Summarize Data — summarize

Summarize input data to prepare for passing to plot_forest(). Takes a data.frame or tibble, calculates the relevant confidence intervals, and returns a tibble that can be passed directly to plot_forest(). See Details section for data specification and format.

summarize_data(
  data,
  value,
  group,
  group_level = NULL,
  metagroup = NULL,
  replicate = NULL,
  probs = c(0.05, 0.95),
  statistic = c("median", "mean", "geo_mean"),
  rep_probs = c(0.025, 0.975),
  rep_statistic = c("median", "mean", "geo_mean")
)

Arguments

data: A dataframe or tibble to summarize. See Details section for required format.
value: name of the column in data to perform calculations on (i.e. median/mean, lower, and upper CI)
group: name of the column in data that defines groups within the data. Often, this will contain the names of the covariates you are grouping by.
group_level: (optional) name of the column in data that contains subgroups to group by. For example, if your group column contains covariates like WEIGHT and AGE, this column could contain categories like underweight, average, overweight, young, mid, elderly, etc.
metagroup: (optional) name of the column in data that contains metagroups. Similar to facet wrap, if passed, this will cause plot_forest() to produce independent plots per metagroup.
replicate: (optional) name of the column in data that contains to an index of replicates, for example with multiple simulations or bootstrapping. If specified, plot_forest() will draw additional CI's of the individual statistics, as small lines above each primary line.
probs: numeric vector of length two, both between 0 and 1, corresponding to your lower and upper tail probabilities. Defaults to c(0.05, 0.95)
statistic: is the actual statistic to output (i.e. median/mean)
rep_probs: same as probs but used only when replicate is passed for the minor intervals (i.e. the small lines) above the major interval (i.e. the big lines).
rep_statistic: same as statistic but used only when replicate is passed for the minor intervals (i.e. the small lines) above the major interval (i.e. the big lines).

Details

Input Data

The tibble passed to data must be in a "long" format and has 2-5 columns: value, group, and optionally any of group_level, metagroup, and/or replicate. These are each described in detail in the input arguments section.

Output Data

The tibble output from this function has one of two formats, depending on whether replicate was passed (details below).

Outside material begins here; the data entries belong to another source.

text \<open>The mean \<open>\<xi>\<^sub>m = (\<xi>\<^sub>1 + \<xi>\<^sub>2) / 2\<close> solves \<open>\<xi>\<^sub>m' = - ((\<alpha>\<^sub>1 + \<alpha>\<^sub>2) / 2) \<xi>\<^sub>m\<close>, so it stays
  positive and \<open>\<xi>\<^sub>m(T) \<ge> \<xi>\<^sub>m(0) exp (- M T / 2)\<close>, with equality exactly when \<open>\<alpha>\<^sub>1 + \<alpha>\<^sub>2 = M\<close>
  almost everywhere. As \<open>V(T) = \<xi>\<^sub>m(T)\<^sup>2 + (\<xi>\<^sub>1(T) - \<xi>\<^sub>2(T))\<^sup>2 / 4\<close>, the cost is at least
  \<open>\<xi>\<^sub>m(0)\<^sup>2 exp (- M T)\<close>, and since \<open>\<xi>\<^sub>1(0) = \<xi>\<^sub>2(0)\<close> this bound is attained by the constant control
  \<open>\<alpha>\<^sub>1 = \<alpha>\<^sub>2 = M / 2\<close>. Hence a control is optimal iff both terms are extremal; by Gronwall's
  inequality its trajectory, and thus its cost, is unique.\<close>

lemma integrating_factor_bound:
  fixes Y y p :: "real \<Rightarrow> real" and K c P \<tau> :: real
  assumes K: "0 < K" and \<tau>: "0 \<le> \<tau>"
    and Y_deriv: "\<And>t. t \<in> {0..\<tau>} \<Longrightarrow> (Y has_real_derivative y t) (at t within {0..\<tau>})"
    and Y0: "Y 0 = 0"
    and y_eq: "\<And>t. t \<in> {0..\<tau>} \<Longrightarrow> y t = c - K * Y t + p t"
    and p_le: "\<And>t. t \<in> {0..\<tau>} \<Longrightarrow> p t \<le> P"
  shows "K * Y \<tau> \<le> (c + P) * (1 - exp (- K * \<tau>))"
proof -
  define H where "H t = Y t * exp (K * t) - (c + P) * (exp (K * t) - 1) / K" for t
  have H_deriv: "(H has_vector_derivative ((p t - P) * exp (K * t))) (at t within {0..\<tau>})"
    if t: "t \<in> {0..\<tau>}" for t
  proof -
    have "(H has_real_derivative
        y t * exp (K * t) + Y t * (exp (K * t) * K) - (c + P) * (exp (K * t) * K) / K)
        (at t within {0..\<tau>})"
      unfolding H_def[abs_def] using Y_deriv[OF t] by (auto intro!: derivative_eq_intros)
    moreover have "y t * exp (K * t) + Y t * (exp (K * t) * K) - (c + P) * (exp (K * t) * K) / K
        = (p t - P) * exp (K * t)"
      using K by (simp add: y_eq[OF t] field_simps)
    ultimately show ?thesis by (simp add: has_real_derivative_iff_has_vector_derivative)
  qed
  have "((\<lambda>t. (p t - P) * exp (K * t)) has_integral (H \<tau> - H 0)) {0..\<tau>}"
    by (rule fundamental_theorem_of_calculus[OF \<tau> H_deriv])
  then have "H \<tau> - H 0 \<le> 0"
    by (rule has_integral_le[OF _ has_integral_0]) (use p_le in \<open>auto simp: mult_nonpos_nonneg\<close>)
  then have "K * Y \<tau> * exp (K * \<tau>) \<le> (c + P) * (exp (K * \<tau>) - 1)"
    using K Y0 by (simp add: H_def field_simps)
  then have "K * Y \<tau> * exp (K * \<tau>) * exp (- K * \<tau>) \<le> (c + P) * (exp (K * \<tau>) - 1) * exp (- K * \<tau>)"
    by (simp add: mult_right_mono)
  then show ?thesis by (simp add: algebra_simps flip: exp_add)
qed
lemma integral_scaleR_integral_swap:
  fixes h :: "'a \<Rightarrow> 'b \<Rightarrow> real" and f :: "'b \<Rightarrow> 'c::{banach, second_countable_topology}"
  assumes "finite_measure M" "finite_measure N"
    and h: "case_prod h \<in> borel_measurable (M \<Otimes>\<^sub>M N)" and h_bdd: "\<And>y x. \<bar>h y x\<bar> \<le> B"
    and f: "integrable N f"
  shows "(\<integral>x. (\<integral>y. h y x \<partial>M) *\<^sub>R f x \<partial>N) = (\<integral>y. (\<integral>x. h y x *\<^sub>R f x \<partial>N) \<partial>M)"
proof -
  interpret M: finite_measure M by fact
  interpret N: finite_measure N by fact
  interpret pair_sigma_finite M N ..
  have B: "0 \<le> B"
    using h_bdd by (meson abs_ge_zero order_trans)
  have [measurable]: "f \<in> borel_measurable N"
    using f by (rule borel_measurable_integrable)
  have h_y [measurable]: "h y \<in> borel_measurable N" if "y \<in> space M" for y
    using measurable_comp[OF measurable_Pair1'[OF that] h] by (simp add: comp_def)
  have h_x: "(\<lambda>y. h y x) \<in> borel_measurable M" if "x \<in> space N" for x
    using measurable_comp[OF measurable_Pair2'[OF that] h] by (simp add: comp_def)
  have hf_bound: "norm (h y x *\<^sub>R f x) \<le> B * norm (f x)" for y x
    using mult_right_mono[OF h_bdd norm_ge_zero] by simp
  have hf_int: "integrable N (\<lambda>x. h y x *\<^sub>R f x)" if "y \<in> space M" for y
    using f h_y[OF that] h_bdd by (rule integrable_scaleR_bounded)
  have norm_integral_le: "(\<integral>x. norm (h y x *\<^sub>R f x) \<partial>N) \<le> B * (\<integral>x. norm (f x) \<partial>N)"
    if "y \<in> space M" for y
  proof -
    have "(\<integral>x. norm (h y x *\<^sub>R f x) \<partial>N) \<le> (\<integral>x. B * norm (f x) \<partial>N)"
      using integrable_norm[OF hf_int[OF that]] f hf_bound by (intro integral_mono) auto
    then show ?thesis by simp
  qed
  have "integrable (M \<Otimes>\<^sub>M N) (\<lambda>(y, x). h y x *\<^sub>R f x)"
  proof (rule Fubini_integrable)
    show "(\<lambda>(y, x). h y x *\<^sub>R f x) \<in> borel_measurable (M \<Otimes>\<^sub>M N)"
      using h by measurable
    show "integrable M (\<lambda>y. \<integral>x. norm (case_prod (\<lambda>y x. h y x *\<^sub>R f x) (y, x)) \<partial>N)"
    proof (rule M.integrable_const_bound[where B="B * \<integral>x. norm (f x) \<partial>N"])
      show "AE y in M. norm (\<integral>x. norm (case_prod (\<lambda>y x. h y x *\<^sub>R f x) (y, x)) \<partial>N)
          \<le> B * \<integral>x. norm (f x) \<partial>N"
        using norm_integral_le by (intro AE_I2) simp
    qed (use h in measurable)
    show "AE y in M. integrable N (\<lambda>x. case_prod (\<lambda>y x. h y x *\<^sub>R f x) (y, x))"
      using hf_int by (intro AE_I2) simp
  qed
  then have Fubini: "(\<integral>x. (\<integral>y. h y x *\<^sub>R f x \<partial>M) \<partial>N) = (\<integral>y. (\<integral>x. h y x *\<^sub>R f x \<partial>N) \<partial>M)"
    by (rule Fubini_integral[where f="\<lambda>y x. h y x *\<^sub>R f x", simplified])
  have inner: "(\<integral>y. h y x *\<^sub>R f x \<partial>M) = (\<integral>y. h y x \<partial>M) *\<^sub>R f x" if "x \<in> space N" for x
  proof (rule integral_scaleR_left)
    show "integrable M (\<lambda>y. h y x)"
      using h_x[OF that] h_bdd by (intro M.integrable_const_bound[where B=B]) auto
  qed
  have "(\<integral>x. (\<integral>y. h y x \<partial>M) *\<^sub>R f x \<partial>N) = (\<integral>x. (\<integral>y. h y x *\<^sub>R f x \<partial>M) \<partial>N)"
    by (rule Bochner_Integration.integral_cong) (simp_all add: inner)
  with Fubini show ?thesis by simp
qed

theorem proposition1:
  fixes \<Sigma> :: "real ^'n ^'n"
    and M\<^sub>\<beta> :: "(real ^'n) measure"
    and b :: "real ^'n"
  assumes pd: "pos_def_mat \<Sigma>"
    and prob: "prob_space M\<^sub>\<beta>"
    and sets_M: "sets M\<^sub>\<beta> = sets borel"
    and int_beta: "integrable M\<^sub>\<beta> (\<lambda>\<beta>. norm \<beta>)"
    and moment: "(\<integral>x. sigmoid (x \<bullet> b) *\<^sub>R x \<partial>gaussian_vec \<Sigma>)
               = (\<integral>x. (\<integral>\<beta>. sigmoid (x \<bullet> \<beta>) \<partial>M\<^sub>\<beta>) *\<^sub>R x \<partial>gaussian_vec \<Sigma>)"
  shows "(let c = 1 / (\<integral>x. deriv sigmoid (x \<bullet> b) \<partial>gaussian_vec \<Sigma>)
          in c > 0 \<and>
             b = c *\<^sub>R (\<integral>\<beta>. (\<integral>x. deriv sigmoid (x \<bullet> \<beta>) \<partial>gaussian_vec \<Sigma>) *\<^sub>R \<beta> \<partial>M\<^sub>\<beta>))"
proof -
  interpret M: prob_space M\<^sub>\<beta> by (rule prob)
  interpret G: finite_measure "gaussian_vec \<Sigma>" by (rule finite_measure_gaussian_vec[OF pd])
  note sets_M [measurable_cong]
  define w where "w \<beta> = (\<integral>x. deriv sigmoid (x \<bullet> \<beta>) \<partial>gaussian_vec \<Sigma>)" for \<beta>
  define m where "m = (\<integral>\<beta>. w \<beta> *\<^sub>R \<beta> \<partial>M\<^sub>\<beta>)"
  have w_pos: "0 < w \<beta>" for \<beta>
    unfolding w_def by (rule integral_gaussian_vec_deriv_sigmoid_pos[OF pd])
  have m_int: "integrable M\<^sub>\<beta> (\<lambda>\<beta>. w \<beta> *\<^sub>R \<beta>)"
    using int_beta w_pos integral_gaussian_vec_deriv_sigmoid_le[OF pd]
    by (intro integrable_scaleR_bounded[where B="measure (gaussian_vec \<Sigma>) UNIV"])
      (auto simp: integrable_norm_iff w_def less_imp_le)
  have "\<Sigma> *v (w b *\<^sub>R b) = (\<integral>x. (\<integral>\<beta>. sigmoid (x \<bullet> \<beta>) \<partial>M\<^sub>\<beta>) *\<^sub>R x \<partial>gaussian_vec \<Sigma>)"
    using moment gaussian_vec_stein_identity_sigmoid[OF pd]
    by (simp add: w_def matrix_vector_mult_scaleR)
  also have "\<dots> = (\<integral>\<beta>. (\<integral>x. sigmoid (x \<bullet> \<beta>) *\<^sub>R x \<partial>gaussian_vec \<Sigma>) \<partial>M\<^sub>\<beta>)"
    using sigmoid_pos sigmoid_less_1
    by (intro integral_scaleR_integral_swap[where B=1] M.finite_measure_axioms
        G.finite_measure_axioms integrable_gaussian_vec_linear_growth[OF pd, where C=1])
      (auto simp: less_imp_le)
  also have "\<dots> = (\<integral>\<beta>. \<Sigma> *v (w \<beta> *\<^sub>R \<beta>) \<partial>M\<^sub>\<beta>)"
    by (simp add: gaussian_vec_stein_identity_sigmoid[OF pd] w_def matrix_vector_mult_scaleR)
  also have "\<dots> = \<Sigma> *v m"
    unfolding m_def by (rule integral_bounded_linear[OF matrix_vector_mul_bounded_linear m_int])
  finally have "w b *\<^sub>R b = m"
    using pos_def_mat_kernel[OF pd, of "w b *\<^sub>R b - m"] by (simp add: matrix_vector_mult_diff_distrib)
  then show ?thesis
    using w_pos[of b] unfolding Let_def w_def[symmetric] m_def[symmetric] by auto
qed

end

Either way, the output tibble has a column named group, containing the values in the column you passed to the group argument, and optionally analogous columns for group_level and metagroup if those were passed.

Without replicate If replicate is not passed, the output data has three additional columns mid, lo, and hi, containing the summarized values corresponding to what was passed to statistic (mid) and probs (lo/hi).
With replicate If replicate is passed, the output data has nine additional columns mid_mid, mid_lo, mid_hi, plus three more each for lo_* and hi_*, containing the summarized values. In this case, the mid_mid, lo_mid, and hi_mid correspond to the values of the major interval (i.e. the big lines and data point) and the *_mid, *_lo, and *_hi correspond to the values for each minor interval (i.e. the small lines).